• _Work task_:
Starting from the first line below, repeat the data exactly through to the last.

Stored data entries
lemma convex_integral_le_if_admissible:
  fixes \<Omega> K :: "'a::euclidean_space set" and u :: "'a \<Rightarrow> real"
  assumes "bounded \<Omega>" "open \<Omega>" "\<Omega> \<noteq> {}" "0 \<in> interior K"
    and "finite_measure \<mu>p" "sets \<mu>p = sets (restrict_space borel \<Omega>)"
    and "finite_measure \<mu>m" "sets \<mu>m = sets (restrict_space borel \<Omega>)"
    and adm: "\<And>w. w \<in> admissible \<Omega> K \<Longrightarrow> integral\<^sup>L \<mu>m w - integral\<^sup>L \<mu>p w \<le> 0"
    and "convex_on \<Omega> u" "integrable \<mu>p u" "integrable \<mu>m u"
  shows "integral\<^sup>L \<mu>m u - integral\<^sup>L \<mu>p u \<le> 0"
proof -
  obtain A :: "nat \<Rightarrow> ('a \<times> real) set"
    where A: "\<forall>n. finite (A n) \<and> A n \<noteq> {}" "incseq A"
      "\<forall>n. \<forall>x\<in>\<Omega>. max_affine (A n) x \<le> u x" "\<forall>x\<in>\<Omega>. (\<lambda>n. max_affine (A n) x) \<longlonglongrightarrow> u x"
    using convex_on_approx_max_affine[OF assms(2,10,3)] by (elim exE conjE) blast
  then have fin: "finite (A n)" and ne: "A n \<noteq> {}" for n
    by simp_all
  have above_first: "max_affine (A 0) x \<le> max_affine (A n) x" for n x
    by (rule max_affine_mono[OF fin _ ne]) (use A(2) in \<open>simp add: incseq_def\<close>)
  have "(\<lambda>n. integral\<^sup>L M (max_affine (A n))) \<longlonglongrightarrow> integral\<^sup>L M u"
    if M: "finite_measure M" "sets M = sets (restrict_space borel \<Omega>)" "integrable M u" for M
  proof (rule integral_tendsto_sandwich[OF _ M(3)])
    have "compact (max_affine (A 0) ` closure \<Omega>)"
      using assms(1) by (intro compact_continuous_image continuous_on_max_affine fin ne) auto
    then have "bounded (max_affine (A 0) ` \<Omega>)"
      by (meson bounded_subset closure_subset compact_imp_bounded image_mono)
    then show "integrable M (max_affine (A 0))"
      by (intro integrable_bounded_continuous_on[OF M(1,2)] continuous_on_max_affine fin ne)
    show "max_affine (A n) \<in> borel_measurable M" for n
      by (intro continuous_on_borel_measurable_restrict[OF M(2)] continuous_on_max_affine fin ne)
    show "AE x in M. (\<lambda>n. max_affine (A n) x) \<longlonglongrightarrow> u x"
      using A(4) by (intro AE_I2) (simp add: space_restrict_borel[OF M(2)])
    show "AE x in M. max_affine (A 0) x \<le> max_affine (A n) x \<and> max_affine (A n) x \<le> u x" for n
      using A(3) above_first by (intro AE_I2) (simp add: space_restrict_borel[OF M(2)])
  qed
  then have "(\<lambda>n. integral\<^sup>L \<mu>m (max_affine (A n)) - integral\<^sup>L \<mu>p (max_affine (A n)))
      \<longlonglongrightarrow> integral\<^sup>L \<mu>m u - integral\<^sup>L \<mu>p u"
    using assms(5-8,11,12) by (intro tendsto_diff)
  moreover have "integral\<^sup>L \<mu>m (max_affine (A n)) - integral\<^sup>L \<mu>p (max_affine (A n)) \<le> 0" for n
    using adm by (rule max_affine_integral_le[OF convex_on_imp_convex[OF assms(10)] assms(4) fin ne])
  ultimately show ?thesis
    by (intro LIMSEQ_le_const2) auto
qed

lemma admissible_nonpos_iff_convex_nonpos:
  fixes \<Omega> K :: "'a::euclidean_space set"
  assumes "bounded \<Omega>" "open \<Omega>" "\<Omega> \<noteq> {}" "compact K" "0 \<in> interior K"
    and "finite_measure \<mu>p" "sets \<mu>p = sets (restrict_space borel \<Omega>)"
    and "finite_measure \<mu>m" "sets \<mu>m = sets (restrict_space borel \<Omega>)"
  shows "(\<forall>w\<in>admissible \<Omega> K. integral\<^sup>L \<mu>m w - integral\<^sup>L \<mu>p w \<le> 0) \<longleftrightarrow>
    (\<forall>u. convex_on \<Omega> u \<and> integrable \<mu>p u \<and> integrable \<mu>m u \<longrightarrow> integral\<^sup>L \<mu>m u - integral\<^sup>L \<mu>p u \<le> 0)"
proof (intro iffI allI ballI impI)
  fix u assume "\<forall>w\<in>admissible \<Omega> K. integral\<^sup>L \<mu>m w - integral\<^sup>L \<mu>p w \<le> 0"
    and "convex_on \<Omega> u \<and> integrable \<mu>p u \<and> integrable \<mu>m u"
  then show "integral\<^sup>L \<mu>m u - integral\<^sup>L \<mu>p u \<le> 0"
    using convex_integral_le_if_admissible[OF assms(1-3,5-9)] by blast
next
  fix w assume "w \<in> admissible \<Omega> K"
    and "\<forall>u. convex_on \<Omega> u \<and> integrable \<mu>p u \<and> integrable \<mu>m u \<longrightarrow> integral\<^sup>L \<mu>m u - integral\<^sup>L \<mu>p u \<le> 0"
  moreover have "convex_on \<Omega> w"
    using \<open>w \<in> admissible \<Omega> K\<close> by (simp add: admissible_def)
  ultimately show "integral\<^sup>L \<mu>m w - integral\<^sup>L \<mu>p w \<le> 0"
    using admissible_integrable[OF assms(1,2,4) _ assms(6,7)]
      admissible_integrable[OF assms(1,2,4) _ assms(8,9)] by blast
qed

theorem proposition2:
  fixes \<Omega> K :: "'a::euclidean_space set" and \<mu>p \<mu>m :: "'a measure"
  assumes "bounded \<Omega>" "open \<Omega>" "convex \<Omega>"
    and "compact K" "0 \<in> interior K"
    and "prob_space \<mu>p" "sets \<mu>p = sets (restrict_space borel \<Omega>)"
    and "prob_space \<mu>m" "sets \<mu>m = sets (restrict_space borel \<Omega>)"
  shows "VDC \<Omega> K \<mu>p \<mu>m = 0 \<longleftrightarrow>
    (\<forall>u. convex_on \<Omega> u \<and> integrable \<mu>p u \<and> integrable \<mu>m u \<longrightarrow>
         integral\<^sup>L \<mu>m u - integral\<^sup>L \<mu>p u \<le> 0)"
proof -
  have fin: "finite_measure \<mu>p" "finite_measure \<mu>m"
    using assms(6,8) by (simp_all add: prob_space_def)
  have "\<Omega> \<noteq> {}"
    using prob_space.not_empty[OF assms(6)] space_restrict_borel[OF assms(7)] by simp
  have "(\<lambda>_. 0) \<in> admissible \<Omega> K"
    using zero_admissible[OF assms(3)] assms(5) interior_subset by blast
  then have "0 \<le> VDC \<Omega> K \<mu>p \<mu>m"
    unfolding VDC_def by (rule SUP_upper2) simp
  moreover have "VDC \<Omega> K \<mu>p \<mu>m \<le> 0 \<longleftrightarrow> (\<forall>w\<in>admissible \<Omega> K. integral\<^sup>L \<mu>m w - integral\<^sup>L \<mu>p w \<le> 0)"
    unfolding VDC_def by (simp add: SUP_le_iff)
  moreover note
    admissible_nonpos_iff_convex_nonpos[OF assms(1,2) \<open>\<Omega> \<noteq> {}\<close> assms(4,5) fin(1) assms(7) fin(2) assms(9)]
  ultimately show ?thesis
    by auto
qed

• _Response area_:
lemma convex_integral_le_if_admissible:
  fixes \<Omega> K :: "'a::euclidean_space set" and u :: "'a \<Rightarrow> real"
  assumes "bounded \<Omega>" "open \<Omega>" "\<Omega> \<noteq> {}" "0 \<in> interior K"
    and "finite_measure \<mu>p" "sets \<mu>p = sets (restrict_space borel \<Omega>)"
    and "finite_measure \<mu>m" "sets \<mu>m = sets (restrict_space borel \<Omega>)"
    and adm: "\<And>w. w \<in> admissible \<Omega> K \<Longrightarrow> integral\<^sup>L \<mu>m w - integral\<^sup>L \<mu>p w \<le> 0"
    and "convex_on \<Omega> u" "integrable \<mu>p u" "integrable \<mu>m u"
  shows "integral\<^sup>L \<mu>m u - integral\<^sup>L \<mu>p u \<le> 0"
proof -
  obtain A :: "nat \<Rightarrow> ('a \<times> real) set"
    where A: "\<forall>n. finite (A n) \<and> A n \<noteq> {}" "incseq A"
      "\<forall>n. \<forall>x\<in>\<Omega>. max_affine (A n) x \<le> u x" "\<forall>x\<in>\<Omega>. (\<lambda>n. max_affine (A n) x) \<longlonglongrightarrow> u x"
    using convex_on_approx_max_affine[OF assms(2,10,3)] by (elim exE conjE) blast
  then have fin: "finite (A n)" and ne: "A n \<noteq> {}" for n
    by simp_all
  have above_first: "max_affine (A 0) x \<le> max_affine (A n) x" for n x
    by (rule max_affine_mono[OF fin _ ne]) (use A(2) in \<open>simp add: incseq_def\<close>)
  have "(\<lambda>n. integral\<^sup>L M (max_affine (A n))) \<longlonglongrightarrow> integral\<^sup>L M u"
    if M: "finite_measure M" "sets M = sets (restrict_space borel \<Omega>)" "integrable M u" for M
  proof (rule integral_tendsto_sandwich[OF _ M(3)])
    have "compact (max_affine (A 0) ` closure \<Omega>)"
      using assms(1) by (intro compact_continuous_image continuous_on_max_affine fin ne) auto
    then have "bounded (max_affine (A 0) ` \<Omega>)"
      by (meson bounded_subset closure_subset compact_imp_bounded image_mono)
    then show "integrable M (max_affine (A 0))"
      by (intro integrable_bounded_continuous_on[OF M(1,2)] continuous_on_max_affine fin ne)
    show "max_affine (A n) \<in> borel_measurable M" for n
      by (intro continuous_on_borel_measurable_restrict[OF M(2)] continuous_on_max_affine fin ne)
    show "AE x in M. (\<lambda>n. max_affine (A n) x) \<longlonglongrightarrow> u x"
      using A(4) by (intro AE_I2) (simp add: space_restrict_borel[OF M(2)])
    show "AE x in M. max_affine (A 0) x \<le> max_affine (A n) x \<and> max_affine (A n) x \<le> u x" for n
      using A(3) above_first by (intro AE_I2) (simp add: space_restrict_borel[OF M(2)])
  qed
  then have "(\<lambda>n. integral\<^sup>L \<mu>m (max_affine (A n)) - integral\<^sup>L \<mu>p (max_affine (A n)))
      \<longlonglongrightarrow> integral\<^sup>L \<mu>m u - integral\<^sup>L \<mu>p u"
    using assms(5-8,11,12) by (intro tendsto_diff)
  moreover have "integral\<^sup>L \<mu>m (max_affine (A n)) - integral\<^sup>L \<mu>p (max_affine (A n)) \<le> 0" for n
    using adm by (rule max_affine_integral_le[OF convex_on_imp_convex[OF assms(10)] assms(4) fin ne])
  ultimately show ?thesis
    by (intro LIMSEQ_le_const2) auto
qed

lemma admissible_nonpos_iff_convex_nonpos:
  fixes \<Omega> K :: "'a::euclidean_space set"
  assumes "bounded \<Omega>" "open \<Omega>" "\<Omega> \<noteq> {}" "compact K" "0 \<in> interior K"
    and "finite_measure \<mu>p" "sets \<mu>p = sets (restrict_space borel \<Omega>)"
    and "finite_measure \<mu>m" "sets \<mu>m = sets (restrict_space borel \<Omega>)"
  shows "(\<forall>w\<in>admissible \<Omega> K. integral\<^sup>L \<mu>m w - integral\<^sup>L \<mu>p w \<le> 0) \<longleftrightarrow>
    (\<forall>u. convex_on \<Omega> u \<and> integrable \<mu>p u \<and> integrable \<mu>m u \<longrightarrow> integral\<^sup>L \<mu>m u - integral\<^sup>L \<mu>p u \<le> 0)"
proof (intro iffI allI ballI impI)
  fix u assume "\<forall>w\<in>admissible \<Omega> K. integral\<^sup>L \<mu>m w - integral\<^sup>L \<mu>p w \<le> 0"
    and "convex_on \<Omega> u \<and> integrable \<mu>p u \<and> integrable \<mu>m u"
  then show "integral\<^sup>L \<mu>m u - integral\<^sup>L \<mu>p u \<le> 0"
    using convex_integral_le_if_admissible[OF assms(1-3,5-9)] by blast
next
  fix w assume "w \<in> admissible \<Omega> K"
    and "\<forall>u. convex_on \<Omega> u \<and> integrable \<mu>p u \<and> integrable \<mu>m u \<longrightarrow> integral\<^sup>L \<mu>m u - integral\<^sup>L \<mu>p u \<le> 0"
  moreover have "convex_on \<Omega> w"
    using \<open>w \<in> admissible \<Omega> K\<close> by (simp add: admissible_def)
  ultimately show "integral\<^sup>L \<mu>m w - integral\<^sup>L \<mu>p w \<le> 0"
    using admissible_integrable[OF assms(1,2,4) _ assms(6,7)]
      admissible_integrable[OF assms(1,2,4) _ assms(8,9)] by blast
qed

theorem proposition2:
  fixes \<Omega> K :: "'a::euclidean_space set" and \<mu>p \<mu>m :: "'a measure"
  assumes "bounded \<Omega>" "open \<Omega>" "convex \<Omega>"
    and "compact K" "0 \<in> interior K"
    and "prob_space \<mu>p" "sets \<mu>p = sets (restrict_space borel \<Omega>)"
    and "prob_space \<mu>m" "sets \<mu>m = sets (restrict_space borel \<Omega>)"
  shows "VDC \<Omega> K \<mu>p \<mu>m = 0 \<longleftrightarrow>
    (\<forall>u. convex_on \<Omega> u \<and> integrable \<mu>p u \<and> integrable \<mu>m u \<longrightarrow>
         integral\<^sup>L \<mu>m u - integral\<^sup>L \<mu>p u \<le> 0)"
proof -
  have fin: "finite_measure \<mu>p" "finite_measure \<mu>m"
    using assms(6,8) by (simp_all add: prob_space_def)
  have "\<Omega> \<noteq> {}"
    using prob_space.not_empty[OF assms(6)] space_restrict_borel[OF assms(7)] by simp
  have "(\<lambda>_. 0) \<in> admissible \<Omega> K"
    using zero_admissible[OF assms(3)] assms(5) interior_subset by blast
  then have "0 \<le> VDC \<Omega> K \<mu>p \<mu>m"
    unfolding VDC_def by (rule SUP_upper2) simp
  moreover have "VDC \<Omega> K \<mu>p \<mu>m \<le> 0 \<longleftrightarrow> (\<forall>w\<in>admissible \<Omega> K. integral\<^sup>L \<mu>m w - integral\<^sup>L \<mu>p w \<le> 0)"
    unfolding VDC_def by (simp add: SUP_le_iff)
  moreover note
    admissible_nonpos_iff_convex_nonpos[OF assms(1,2) \<open>\<Omega> \<noteq> {}\<close> assms(4,5) fin(1) assms(7) fin(2) assms(9)]
  ultimately show ?thesis
    by auto
qed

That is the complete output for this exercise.